Dos 270 projetos aprovados na Assembleia Legislativa em 2016, somente 18% têm caráter coletivo ou inclusivo


O cidadão paulista provavelmente não sabe, mas em 2016 o calendário de eventos oficiais do Estado ganhou várias datas comemorativas - cuja elaboração e inclusão na agenda foram pagas com seu dinheiro de impostos. O primeiro domingo do mês de novembro, por exemplo, é o Dia do Pastor Quadrangular - uma denominação da igreja evangélica. Já o primeiro domingo de junho é o Dia do Pastor Assembleiano, que homenageia a Assembleia de Deus. De forma mais genérica, o segundo domingo de junho é apenas o Dia do Pastor. Em 3 de junho comemora-se o Dia da Igreja Pentecostal Deus é Amor, e para completar as efemérides do mês, o dia 25 daquele mês é o Dia do Policial Militar Evangélico. Estes são alguns dos projetos de lei propostos pela bancada evangélica e aprovados na Assembleia Legislativa do Estado de São Paulo no ano passado.

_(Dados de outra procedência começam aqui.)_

lemma tendsto_apply_if_op_dist:
  assumes "\<And>n. bounded_linear (F n)" "bounded_linear X" "(\<lambda>n. op_dist (F n) X) \<longlonglongrightarrow> 0"
  shows "(\<lambda>n. F n x) \<longlonglongrightarrow> X x"
proof -
  have "\<forall>n. norm (F n x - X x) \<le> op_dist (F n) X * norm x"
    by (simp add: norm_diff_le_op_dist[OF assms(1,2)])
  from Lim_null_comparison[OF always_eventually[OF this] tendsto_mult_left_zero[OF assms(3)]]
  have "(\<lambda>n. F n x - X x) \<longlonglongrightarrow> 0" .
  then show ?thesis by (simp add: LIM_zero_iff)
qed

lemma tendsto_apply_twice_if_op_dist:
  assumes F: "\<And>n. bounded_linear (F n)" and X: "bounded_linear X"
    and lim: "(\<lambda>n. op_dist (F n) X) \<longlonglongrightarrow> 0"
  shows "(\<lambda>n. F n (F n x)) \<longlonglongrightarrow> X (X x)"
proof -
  have a: "(\<lambda>n. F n (X x) - X (X x)) \<longlonglongrightarrow> 0"
    using tendsto_apply_if_op_dist[OF F X lim, of "X x"] by (simp add: LIM_zero)
  have v: "(\<lambda>n. norm (F n x - X x)) \<longlonglongrightarrow> 0"
    using tendsto_apply_if_op_dist[OF F X lim, of x] by (simp add: tendsto_norm_zero_iff LIM_zero)
  have "(\<lambda>n. (op_dist (F n) X + onorm X) * norm (F n x - X x)) \<longlonglongrightarrow> (0 + onorm X) * 0"
    by (intro tendsto_mult tendsto_add lim tendsto_const v)
  then have g: "(\<lambda>n. (op_dist (F n) X + onorm X) * norm (F n x - X x)) \<longlonglongrightarrow> 0" by simp
  have bound: "norm (F n v) \<le> (op_dist (F n) X + onorm X) * norm v" for n v
  proof -
    have "norm (F n v) \<le> norm (F n v - X v) + norm (X v)"
      using norm_triangle_ineq[of "F n v - X v" "X v"] by simp
    also have "\<dots> \<le> op_dist (F n) X * norm v + onorm X * norm v"
      by (intro add_mono norm_diff_le_op_dist F X onorm X)
    finally show ?thesis by (simp add: algebra_simps)
  qed
  have b: "(\<lambda>n. F n (F n x - X x)) \<longlonglongrightarrow> 0"
    using bound by (intro Lim_null_comparison[OF always_eventually g]) simp
  have "(\<lambda>n. F n (F n x - X x) + (F n (X x) - X (X x))) \<longlonglongrightarrow> 0 + 0"
    by (intro tendsto_add a b)
  then show ?thesis using F by (simp add: linear_simps LIM_zero_iff)
qed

O deputado estadual Fernando Capez. ALESP

Um levantamento feito pelo EL PAÍS revela que das cerca de 270 leis aprovadas em 2016 na Assembleia, quase 50 (22%) legislavam sobre a criação de dias específicos no calendário para celebrar profissões e religiões. E também esportes e veículos: dia 6 de outubro é o Dia Estadual do Rugby, 3 de janeiro é o Dia Estadual do Fusca. Mas a produção legislativa dos deputados não para por aí. No ano passado, 76 leis aprovadas (28%) dizem respeito à mudança do nome de ruas, praças, viadutos e escolas. Completam o total de leis 87 projetos (32%) que tornam de utilidade pública algumas entidades de auxílio e cultura– parte delas ligadas a centros religiosos - como a Associação de Tropeirismo raiz de Porongaba. Outras 49 leis (18%)  podem ser consideradas de interesse coletivo ou inclusivo, como a lei que proíbe a cobrança de taxas extras em escolas para matricular crianças com down ou necessidades especiais.

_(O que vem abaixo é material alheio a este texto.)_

definition v_N ::
  "nat \<Rightarrow> (nat \<Rightarrow> nat) \<Rightarrow> real
     \<Rightarrow> (nat \<Rightarrow> 'x \<Rightarrow> 'u \<Rightarrow> (nat \<Rightarrow> 'x pmf) \<Rightarrow> (nat \<Rightarrow> 'u pmf) \<Rightarrow> real)
     \<Rightarrow> (nat \<Rightarrow> 'x \<Rightarrow> 'u \<Rightarrow> (nat \<Rightarrow> 'x pmf) \<Rightarrow> (nat \<Rightarrow> 'u pmf) \<Rightarrow> 'x pmf)
     \<Rightarrow> (nat \<times> nat \<Rightarrow> 'x) \<Rightarrow> (nat \<Rightarrow> nat \<Rightarrow> 'x \<Rightarrow> (nat \<Rightarrow> 'x pmf) \<Rightarrow> 'u pmf) \<Rightarrow> real" where
  "v_N K N \<gamma> r P x0 pol =
     (1 / real (Npop K N)) *
     (\<Sum>(k, j)\<in>agents K N. \<Sum>t. \<gamma> ^ t *
        measure_pmf.expectation (joint_dist K N P pol x0 t)
          (\<lambda>(s, a). r k (s (k, j)) (a (k, j)) (emp N s) (emp N a)))"

definition nu_MF :: "(nat \<Rightarrow> 'x pmf) \<Rightarrow> (nat \<Rightarrow> 'x \<Rightarrow> (nat \<Rightarrow> 'x pmf) \<Rightarrow> 'u pmf) \<Rightarrow> nat \<Rightarrow> 'u pmf" where
  "nu_MF mu dr k = bind_pmf (mu k) (\<lambda>x. dr k x mu)"

definition P_MF ::
  "(nat \<Rightarrow> 'x \<Rightarrow> 'u \<Rightarrow> (nat \<Rightarrow> 'x pmf) \<Rightarrow> (nat \<Rightarrow> 'u pmf) \<Rightarrow> 'x pmf)
     \<Rightarrow> (nat \<Rightarrow> 'x pmf) \<Rightarrow> (nat \<Rightarrow> 'x \<Rightarrow> (nat \<Rightarrow> 'x pmf) \<Rightarrow> 'u pmf) \<Rightarrow> nat \<Rightarrow> 'x pmf" where
  "P_MF P mu dr k =
     bind_pmf (mu k) (\<lambda>x. bind_pmf (dr k x mu) (\<lambda>u. P k x u mu (nu_MF mu dr)))"

definition r_MF ::
  "(nat \<Rightarrow> 'x::finite \<Rightarrow> 'u::finite \<Rightarrow> (nat \<Rightarrow> 'x pmf) \<Rightarrow> (nat \<Rightarrow> 'u pmf) \<Rightarrow> real)
     \<Rightarrow> (nat \<Rightarrow> 'x pmf) \<Rightarrow> (nat \<Rightarrow> 'x \<Rightarrow> (nat \<Rightarrow> 'x pmf) \<Rightarrow> 'u pmf) \<Rightarrow> nat \<Rightarrow> real" where
  "r_MF r mu dr k =
     (\<Sum>x\<in>UNIV. \<Sum>u\<in>UNIV. pmf (mu k) x * pmf (dr k x mu) u * r k x u mu (nu_MF mu dr))"

primrec mf_traj ::
  "(nat \<Rightarrow> 'x \<Rightarrow> 'u \<Rightarrow> (nat \<Rightarrow> 'x pmf) \<Rightarrow> (nat \<Rightarrow> 'u pmf) \<Rightarrow> 'x pmf)
     \<Rightarrow> (nat \<Rightarrow> nat \<Rightarrow> 'x \<Rightarrow> (nat \<Rightarrow> 'x pmf) \<Rightarrow> 'u pmf) \<Rightarrow> (nat \<Rightarrow> 'x pmf)
     \<Rightarrow> nat \<Rightarrow> nat \<Rightarrow> 'x pmf" where
  "mf_traj P pol mu0 0 = mu0"
| "mf_traj P pol mu0 (Suc t) = P_MF P (mf_traj P pol mu0 t) (pol t)"

definition v_MF ::
  "nat \<Rightarrow> (nat \<Rightarrow> nat) \<Rightarrow> real
     \<Rightarrow> (nat \<Rightarrow> 'x::finite \<Rightarrow> 'u::finite \<Rightarrow> (nat \<Rightarrow> 'x pmf) \<Rightarrow> (nat \<Rightarrow> 'u pmf) \<Rightarrow> real)
     \<Rightarrow> (nat \<Rightarrow> 'x \<Rightarrow> 'u \<Rightarrow> (nat \<Rightarrow> 'x pmf) \<Rightarrow> (nat \<Rightarrow> 'u pmf) \<Rightarrow> 'x pmf)
     \<Rightarrow> (nat \<Rightarrow> 'x pmf) \<Rightarrow> (nat \<Rightarrow> nat \<Rightarrow> 'x \<Rightarrow> (nat \<Rightarrow> 'x pmf) \<Rightarrow> 'u pmf) \<Rightarrow> real" where
  "v_MF K N \<gamma> r P mu0 pol =
     (\<Sum>k<K. theta K N k * (\<Sum>t. \<gamma> ^ t * r_MF r (mf_traj P pol mu0 t) (pol t) k))"

definition Lip_policies :: "nat \<Rightarrow> real \<Rightarrow> (nat \<Rightarrow> nat \<Rightarrow> 'x::finite \<Rightarrow> (nat \<Rightarrow> 'x pmf) \<Rightarrow> 'u::finite pmf) set" where
  "Lip_policies K LQ = {pol. \<forall>t k x mu1 mu2. k < K \<longrightarrow>
      l1_pmf (pol t k x mu1) (pol t k x mu2) \<le> LQ * distK K mu1 mu2}"

end

theory Submission
  imports Defs
begin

Esta aparente baixa produtividade dos deputados para legislar assuntos que afetam diretamente a vida do paulista contrasta com a fatura que o Legislativo Estadual apresenta ao contribuinte. Ainda mais em um contexto de crise econômica no país, com vários Estados quebrados pedindo ajuda ao Governo Federal - São Paulo ainda respira sem aparelhos nesse quesito. No total, a Assembleia custa por ano mais de um bilhão de reais, entre gastos com pessoal e outras despesas correntes. Os 94 deputados estaduais recebem 25.322 reais cada. Mas eles dispõe também de uma verba de gabinete mensal que chega a 30.000. Gastos de gabinete mais encargos como auxílio hospedagem custaram aos cofres públicos 23,3 milhões de reais em 2016. As informações são do balanço oficial da Assembleia.
Não bastasse a tormenta econômica, o ano de 2016 na política paulista foi marcado pelo escândalo que ficou conhecido como a Máfia da Merenda. O esquema de corrupção, descoberto pela Polícia Civil no início daquele ano durante a Operação Alba Branca, envolvia a reedição de um triste clássico brasileiro, com pagamento de suborno a políticos, superfaturamento de contratos e prejuízo aos cofres públicos.
O lobista Marcel Júlio, lobista ligado à Cooperativa Orgânica Agrícola Familiar, uma das empresas envolvidas no caso, afirmou em sua delação premiada que o presidente da Assembleia Legislativa de São Paulo, o tucano Fernando Capez, pediu dinheiro para agilizar contratos de venda de suco de laranja para as escolas estaduais. Júlio afirmou que um assessor do deputado estadual pediu o repasse de 2% do valor do contrato firmado com a Secretaria da Educação mais 450.000 reais para custear a campanha do tucano. Capez sempre negou qualquer envolvimento no esquema: “eu jamais participaria de superfaturamento, muito menos nesta área”. Ele deve deixar a presidência da Casa no dia 15 de março, e em seu lugar deve assumir o também tucano Cauê Macris.


Em fevereiro a operação que desvendou o esquema de corrupção da merenda completou um ano. Ninguém foi punido

O escândalo da merenda sacudiu os bastidores da política no Estado arrastando nomes do establishment político tucano, como o ex-secretário de Educação do Governo de Geraldo Alckmin, Herman Voorwald, e o ex-chefe de gabinete do secretário da Casa Civil Luiz Roberto dos Santos, conhecido como Moita, flagrado em grampos telefônicos.
Ao ver seu presidente envolvido no caso e cobrados nas ruas pelas ocupações de escolas organizadas pelos estudantes secundaristas que pediam a apuração dos fatos, os deputados decidiram agir. Instaurou-se na Assembleia uma Comissão Parlamentar de Inquérito para apurar o caso. O PSDB tem maioria na Casa, e dos nove deputados que integram a CPI oito são da base governista. Em dezembro a CPI aprovou um relatório isentando políticos de qualquer malfeito, mas apontando a responsabilidade de 20 pessoas, incluindo Jéter Rodrigues Pereira e José Merivaldo dos Santos, ex-assessores de Capez. Parlamentares da oposição se insurgiram contra o texto votado e tentaram emplacar um relatório alternativo, que recomendava ao Ministério Público a investigação de Capez. 
Em outra frente na Assembleia, o deputado estadual Davi Zaia (PPS), relator de uma representação contra o tucano no Conselho de Ética da Casa, considerou desnecessário ouvir Capez, de acordo com reportagem do portal UOL. Em fevereiro, a operação que desvendou o esquema de corrupção da merenda completou um ano. Ninguém foi punido.
O EL PAÍS em contato com a assessoria de imprensa e com o departamento de comunicação da Assembleia por email e telefone com questionamentos sobre a CPI da Máfia da Merenda, os elevados custos da Casa e a produtividade legislativa. Até o fechamento desta reportagem nenhuma pergunta havia sido respondida.